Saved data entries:

lemma (in sigma_finite_subalgebra) nn_integral_cond_kernel:
  assumes "space M \<noteq> {}"
    and [measurable]: "Y \<in> measurable M N" "\<kappa> \<in> measurable M (subprob_algebra N)"
    and cond: "\<And>G. G \<in> sets N \<Longrightarrow>
      AE x in M. nn_cond_exp M F (\<lambda>x. indicator G (Y x)) x = emeasure (\<kappa> x) G"
    and [measurable]: "W \<in> borel_measurable F" "\<phi> \<in> borel_measurable N"
  shows "(\<integral>\<^sup>+x. W x * \<phi> (Y x) \<partial>M) = (\<integral>\<^sup>+x. W x * (\<integral>\<^sup>+y. \<phi> y \<partial>\<kappa> x) \<partial>M)"
proof -
  have [measurable]: "W \<in> borel_measurable M"
    by (rule measurable_from_subalg[OF subalg]) simp
  define D where "D = density M W"
  have sets_D[measurable_cong]: "sets D = sets M" and space_D: "space D = space M"
    unfolding D_def by simp_all
  have sets_\<kappa>: "sets (\<kappa> x) = sets N" if "x \<in> space D" for x
    using measurable_space[OF assms(3)] that by (simp add: space_D space_subprob_algebra)
  \<comment> \<open>Under the weighted measure \<open>W \<cdot> M\<close>, the law of \<open>Y\<close> is the mixture of the kernel.\<close>
  have mixture: "distr D N Y = D \<bind> \<kappa>"
  proof (rule measure_eqI)
    have "sets (D \<bind> \<kappa>) = sets N"
    proof (rule sets_bind[OF sets_\<kappa>])
      show "space D \<noteq> {}" using assms(1) unfolding space_D .
    qed
    then show "sets (distr D N Y) = sets (D \<bind> \<kappa>)" by (simp only: sets_distr)
  next
    fix G assume "G \<in> sets (distr D N Y)"
    then have G[measurable]: "G \<in> sets N" by simp
    have "emeasure (distr D N Y) G = (\<integral>\<^sup>+x. W x * indicator (Y -` G \<inter> space M) x \<partial>M)"
      unfolding D_def by (simp add: emeasure_distr emeasure_density mult.commute)
    also have "\<dots> = (\<integral>\<^sup>+x. W x * indicator G (Y x) \<partial>M)"
      by (auto intro!: nn_integral_cong split: split_indicator)
    also have "\<dots> = (\<integral>\<^sup>+x. W x * nn_cond_exp M F (\<lambda>x. indicator G (Y x)) x \<partial>M)"
      by (rule nn_cond_exp_intg[symmetric]) auto
    also have "\<dots> = (\<integral>\<^sup>+x. W x * emeasure (\<kappa> x) G \<partial>M)"
      using cond[OF G] by (intro nn_integral_cong_AE) auto
    also have "\<dots> = emeasure (D \<bind> \<kappa>) G"
      using assms(1) unfolding D_def
      by (simp add: emeasure_bind[where N=N] nn_integral_density measurable_emeasure_subprob_algebra)
    finally show "emeasure (distr D N Y) G = emeasure (D \<bind> \<kappa>) G" .
  qed
  have "(\<integral>\<^sup>+x. W x * \<phi> (Y x) \<partial>M) = (\<integral>\<^sup>+y. \<phi> y \<partial>distr D N Y)"
    unfolding D_def by (simp add: nn_integral_distr nn_integral_density)
  also have "\<dots> = (\<integral>\<^sup>+x. (\<integral>\<^sup>+y. \<phi> y \<partial>\<kappa> x) \<partial>D)"
    unfolding mixture by (rule nn_integral_bind[where B=N]) auto
  also have "\<dots> = (\<integral>\<^sup>+x. W x * (\<integral>\<^sup>+y. \<phi> y \<partial>\<kappa> x) \<partial>M)"
    unfolding D_def
    by (subst nn_integral_density) (auto intro!: nn_integral_measurable_subprob_algebra2[where N=N])
  finally show ?thesis .
qed

lemma (in sigma_finite_subalgebra) nn_cond_exp_cond_kernel:
  assumes "space M \<noteq> {}"
    and [measurable]: "Y \<in> measurable M N" "\<kappa> \<in> measurable F (subprob_algebra N)"
    and cond: "\<And>G. G \<in> sets N \<Longrightarrow>
      AE x in M. nn_cond_exp M F (\<lambda>x. indicator G (Y x)) x = emeasure (\<kappa> x) G"
    and [measurable]: "\<phi> \<in> borel_measurable N"
  shows "AE x in M. nn_cond_exp M F (\<lambda>x. \<phi> (Y x)) x = (\<integral>\<^sup>+y. \<phi> y \<partial>\<kappa> x)"
proof -
  have [measurable]: "\<kappa> \<in> measurable M (subprob_algebra N)"
    by (rule measurable_from_subalg[OF subalg]) simp
  have "AE x in M. (\<integral>\<^sup>+y. \<phi> y \<partial>\<kappa> x) = nn_cond_exp M F (\<lambda>x. \<phi> (Y x)) x"
  proof (rule nn_cond_exp_charact)
    fix A assume [measurable]: "A \<in> sets F"
    show "(\<integral>\<^sup>+x\<in>A. \<phi> (Y x) \<partial>M) = (\<integral>\<^sup>+x\<in>A. (\<integral>\<^sup>+y. \<phi> y \<partial>\<kappa> x) \<partial>M)"
      using nn_integral_cond_kernel[OF assms(1,2) _ cond, of "indicator A" \<phi>]
      by (simp add: mult.commute)
  qed (auto intro!: nn_integral_measurable_subprob_algebra2[where N=N])
  then show ?thesis by (simp add: eq_commute)
qed

lemma nn_integral_density_on_subalgebra:
  assumes sub_M: "subalgebra M F" and sub_N: "subalgebra N F"
    and [measurable]: "w \<in> borel_measurable M"
    and dens: "\<And>A. A \<in> sets F \<Longrightarrow> emeasure N A = (\<integral>\<^sup>+x\<in>A. w x \<partial>M)"
    and [measurable]: "V \<in> borel_measurable F"
  shows "(\<integral>\<^sup>+x. V x \<partial>N) = (\<integral>\<^sup>+x. w x * V x \<partial>M)"
proof -
  have sub_wM: "subalgebra (density M w) F"
    using sub_M by (simp add: subalgebra_def)
  have restr_eq: "restr_to_subalg N F = restr_to_subalg (density M w) F"
  proof (rule measure_eqI)
    fix A assume "A \<in> sets (restr_to_subalg N F)"
    then have A: "A \<in> sets F" and "A \<in> sets M"
      using sub_M by (auto simp: sets_restr_to_subalg[OF sub_N] subalgebra_def)
    then show "emeasure (restr_to_subalg N F) A = emeasure (restr_to_subalg (density M w) F) A"
      by (simp add: emeasure_restr_to_subalg sub_N sub_wM dens emeasure_density)
  qed (simp add: sets_restr_to_subalg sub_N sub_wM)
  have "(\<integral>\<^sup>+x. V x \<partial>N) = (\<integral>\<^sup>+x. V x \<partial>restr_to_subalg (density M w) F)"
    by (simp add: nn_integral_subalgebra2 sub_N flip: restr_eq)
  also have "\<dots> = (\<integral>\<^sup>+x. V x \<partial>density M w)"
    by (rule nn_integral_subalgebra2[OF sub_wM]) simp
  also have "\<dots> = (\<integral>\<^sup>+x. w x * V x \<partial>M)"
    by (rule nn_integral_density) (auto intro: measurable_from_subalg[OF sub_M])
  finally show ?thesis .
qed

### Description of the task
Within the data above, how many lines include the string "mixture"? Answer with the number by itself.

### Problem solution
3